Start of Block

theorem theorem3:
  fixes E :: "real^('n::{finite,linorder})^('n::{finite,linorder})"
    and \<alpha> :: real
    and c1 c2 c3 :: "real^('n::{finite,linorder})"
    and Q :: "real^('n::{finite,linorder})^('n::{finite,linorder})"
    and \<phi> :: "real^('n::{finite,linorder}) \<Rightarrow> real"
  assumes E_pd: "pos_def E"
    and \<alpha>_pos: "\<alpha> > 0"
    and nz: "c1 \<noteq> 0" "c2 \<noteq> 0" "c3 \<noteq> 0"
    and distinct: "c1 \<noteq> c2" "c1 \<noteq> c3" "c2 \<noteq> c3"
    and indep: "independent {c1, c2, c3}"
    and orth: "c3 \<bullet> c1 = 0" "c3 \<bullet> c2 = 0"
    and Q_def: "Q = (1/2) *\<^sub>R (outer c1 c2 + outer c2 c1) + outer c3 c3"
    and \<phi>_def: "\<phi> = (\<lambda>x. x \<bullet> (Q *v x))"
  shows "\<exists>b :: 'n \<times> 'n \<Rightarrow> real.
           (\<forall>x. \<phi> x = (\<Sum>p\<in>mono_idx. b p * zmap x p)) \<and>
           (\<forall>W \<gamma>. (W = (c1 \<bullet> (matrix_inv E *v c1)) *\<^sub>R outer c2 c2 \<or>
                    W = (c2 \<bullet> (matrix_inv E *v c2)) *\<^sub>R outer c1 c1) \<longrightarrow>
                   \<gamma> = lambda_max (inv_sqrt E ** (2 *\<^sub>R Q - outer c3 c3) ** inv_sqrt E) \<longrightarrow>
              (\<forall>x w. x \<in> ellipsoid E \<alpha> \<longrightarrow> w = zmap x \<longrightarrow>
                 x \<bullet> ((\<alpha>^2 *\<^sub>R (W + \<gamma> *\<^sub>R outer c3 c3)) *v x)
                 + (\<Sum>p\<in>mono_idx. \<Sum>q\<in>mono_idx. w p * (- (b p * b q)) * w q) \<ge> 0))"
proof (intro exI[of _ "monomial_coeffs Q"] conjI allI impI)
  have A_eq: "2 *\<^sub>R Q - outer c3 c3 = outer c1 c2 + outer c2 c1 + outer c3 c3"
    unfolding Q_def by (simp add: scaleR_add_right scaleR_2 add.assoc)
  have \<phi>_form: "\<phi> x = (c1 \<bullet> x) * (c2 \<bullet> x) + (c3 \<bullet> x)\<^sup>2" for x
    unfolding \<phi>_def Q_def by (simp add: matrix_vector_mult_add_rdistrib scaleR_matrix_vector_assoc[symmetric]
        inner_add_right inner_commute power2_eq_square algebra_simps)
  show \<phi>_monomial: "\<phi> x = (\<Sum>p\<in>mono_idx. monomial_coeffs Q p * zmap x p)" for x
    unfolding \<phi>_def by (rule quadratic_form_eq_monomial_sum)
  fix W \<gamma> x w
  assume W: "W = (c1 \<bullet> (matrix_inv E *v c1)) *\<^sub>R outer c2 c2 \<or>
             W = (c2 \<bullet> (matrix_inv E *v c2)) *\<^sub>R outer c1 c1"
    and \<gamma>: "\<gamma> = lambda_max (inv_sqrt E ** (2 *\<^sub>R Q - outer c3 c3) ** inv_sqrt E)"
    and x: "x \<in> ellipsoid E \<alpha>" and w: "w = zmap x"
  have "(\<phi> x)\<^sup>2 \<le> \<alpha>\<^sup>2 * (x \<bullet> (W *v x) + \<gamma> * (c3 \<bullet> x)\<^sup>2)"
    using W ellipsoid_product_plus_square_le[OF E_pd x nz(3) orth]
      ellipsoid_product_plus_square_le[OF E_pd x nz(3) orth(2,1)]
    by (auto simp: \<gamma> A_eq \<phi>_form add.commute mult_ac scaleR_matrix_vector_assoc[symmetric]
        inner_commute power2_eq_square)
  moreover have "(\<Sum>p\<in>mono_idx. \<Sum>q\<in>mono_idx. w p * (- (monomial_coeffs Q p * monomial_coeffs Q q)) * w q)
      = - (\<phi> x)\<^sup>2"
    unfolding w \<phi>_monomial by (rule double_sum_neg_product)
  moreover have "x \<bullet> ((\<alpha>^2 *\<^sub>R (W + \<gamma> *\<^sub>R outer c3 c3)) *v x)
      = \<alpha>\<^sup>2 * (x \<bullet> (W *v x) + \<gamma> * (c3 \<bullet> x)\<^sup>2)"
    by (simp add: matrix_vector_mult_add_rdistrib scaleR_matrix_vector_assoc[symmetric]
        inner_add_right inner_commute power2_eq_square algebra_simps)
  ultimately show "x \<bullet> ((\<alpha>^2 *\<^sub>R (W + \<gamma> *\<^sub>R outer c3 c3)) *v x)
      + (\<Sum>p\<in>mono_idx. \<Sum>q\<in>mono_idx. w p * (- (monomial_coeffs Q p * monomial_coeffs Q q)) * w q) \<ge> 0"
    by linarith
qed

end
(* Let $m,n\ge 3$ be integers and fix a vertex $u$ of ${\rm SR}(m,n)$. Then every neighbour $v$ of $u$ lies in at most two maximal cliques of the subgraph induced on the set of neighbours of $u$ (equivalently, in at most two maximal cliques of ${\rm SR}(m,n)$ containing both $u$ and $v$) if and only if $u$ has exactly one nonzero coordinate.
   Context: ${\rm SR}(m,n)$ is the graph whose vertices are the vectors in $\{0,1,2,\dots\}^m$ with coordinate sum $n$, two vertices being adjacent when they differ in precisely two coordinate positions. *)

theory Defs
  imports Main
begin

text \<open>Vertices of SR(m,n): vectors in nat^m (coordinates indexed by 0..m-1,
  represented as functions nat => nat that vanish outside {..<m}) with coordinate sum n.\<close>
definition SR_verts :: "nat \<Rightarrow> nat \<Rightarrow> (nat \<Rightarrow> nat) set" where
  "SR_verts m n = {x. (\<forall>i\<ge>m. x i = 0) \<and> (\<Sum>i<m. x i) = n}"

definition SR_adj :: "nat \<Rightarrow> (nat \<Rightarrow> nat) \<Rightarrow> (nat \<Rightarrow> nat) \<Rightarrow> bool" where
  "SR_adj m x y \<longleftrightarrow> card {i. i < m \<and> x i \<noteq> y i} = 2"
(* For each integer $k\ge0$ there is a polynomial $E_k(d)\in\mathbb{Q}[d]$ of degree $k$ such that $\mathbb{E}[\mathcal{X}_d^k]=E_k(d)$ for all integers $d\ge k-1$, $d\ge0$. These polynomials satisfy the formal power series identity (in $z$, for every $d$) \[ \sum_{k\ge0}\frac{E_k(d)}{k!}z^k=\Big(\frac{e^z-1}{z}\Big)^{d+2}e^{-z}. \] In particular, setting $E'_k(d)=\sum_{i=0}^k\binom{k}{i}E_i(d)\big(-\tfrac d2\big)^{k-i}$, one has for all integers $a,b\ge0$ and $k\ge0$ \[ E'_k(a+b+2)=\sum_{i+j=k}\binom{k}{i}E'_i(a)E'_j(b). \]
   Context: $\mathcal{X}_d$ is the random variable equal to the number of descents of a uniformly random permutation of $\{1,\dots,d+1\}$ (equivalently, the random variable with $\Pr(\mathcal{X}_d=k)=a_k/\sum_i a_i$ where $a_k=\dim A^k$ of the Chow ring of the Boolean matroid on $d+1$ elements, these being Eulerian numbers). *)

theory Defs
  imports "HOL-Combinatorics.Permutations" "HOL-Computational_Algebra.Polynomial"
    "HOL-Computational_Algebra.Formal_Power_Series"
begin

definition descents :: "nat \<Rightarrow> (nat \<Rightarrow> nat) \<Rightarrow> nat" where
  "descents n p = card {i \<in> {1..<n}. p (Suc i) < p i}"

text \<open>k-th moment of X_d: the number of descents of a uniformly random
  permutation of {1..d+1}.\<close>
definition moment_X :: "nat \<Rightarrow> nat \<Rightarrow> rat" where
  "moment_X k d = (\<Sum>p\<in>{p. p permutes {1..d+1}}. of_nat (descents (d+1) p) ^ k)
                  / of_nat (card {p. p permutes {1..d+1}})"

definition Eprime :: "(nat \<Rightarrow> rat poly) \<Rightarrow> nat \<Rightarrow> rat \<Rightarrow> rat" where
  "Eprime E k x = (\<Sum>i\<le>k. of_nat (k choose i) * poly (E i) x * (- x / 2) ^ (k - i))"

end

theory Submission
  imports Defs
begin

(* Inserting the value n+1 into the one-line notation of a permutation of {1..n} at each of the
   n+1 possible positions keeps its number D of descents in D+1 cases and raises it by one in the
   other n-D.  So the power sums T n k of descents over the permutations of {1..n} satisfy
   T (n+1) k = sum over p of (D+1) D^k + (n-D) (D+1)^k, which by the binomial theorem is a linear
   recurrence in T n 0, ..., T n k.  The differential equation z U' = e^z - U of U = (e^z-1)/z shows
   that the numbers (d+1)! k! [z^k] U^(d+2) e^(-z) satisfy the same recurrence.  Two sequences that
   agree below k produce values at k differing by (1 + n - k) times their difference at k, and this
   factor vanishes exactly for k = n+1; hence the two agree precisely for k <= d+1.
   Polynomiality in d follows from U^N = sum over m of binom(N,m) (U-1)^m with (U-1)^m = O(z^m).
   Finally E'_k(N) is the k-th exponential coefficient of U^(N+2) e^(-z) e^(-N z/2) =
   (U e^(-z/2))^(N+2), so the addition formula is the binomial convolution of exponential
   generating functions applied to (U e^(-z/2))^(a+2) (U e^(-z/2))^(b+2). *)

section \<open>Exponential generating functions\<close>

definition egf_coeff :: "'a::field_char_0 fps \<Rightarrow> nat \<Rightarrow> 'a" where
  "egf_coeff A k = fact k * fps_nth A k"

End of Block

- **TASK BRIEF**
Please give again the lines above between the line holding "nat) \<Rightarrow> (nat" and the line holding "x y \<longleftrightarrow>", inclusive, exactly as they are and with nothing added.

- **COMPLETED EXERCISE**
definition SR_adj :: "nat \<Rightarrow> (nat \<Rightarrow> nat) \<Rightarrow> (nat \<Rightarrow> nat) \<Rightarrow> bool" where
  "SR_adj m x y \<longleftrightarrow> card {i. i < m \<and> x i \<noteq> y i} = 2"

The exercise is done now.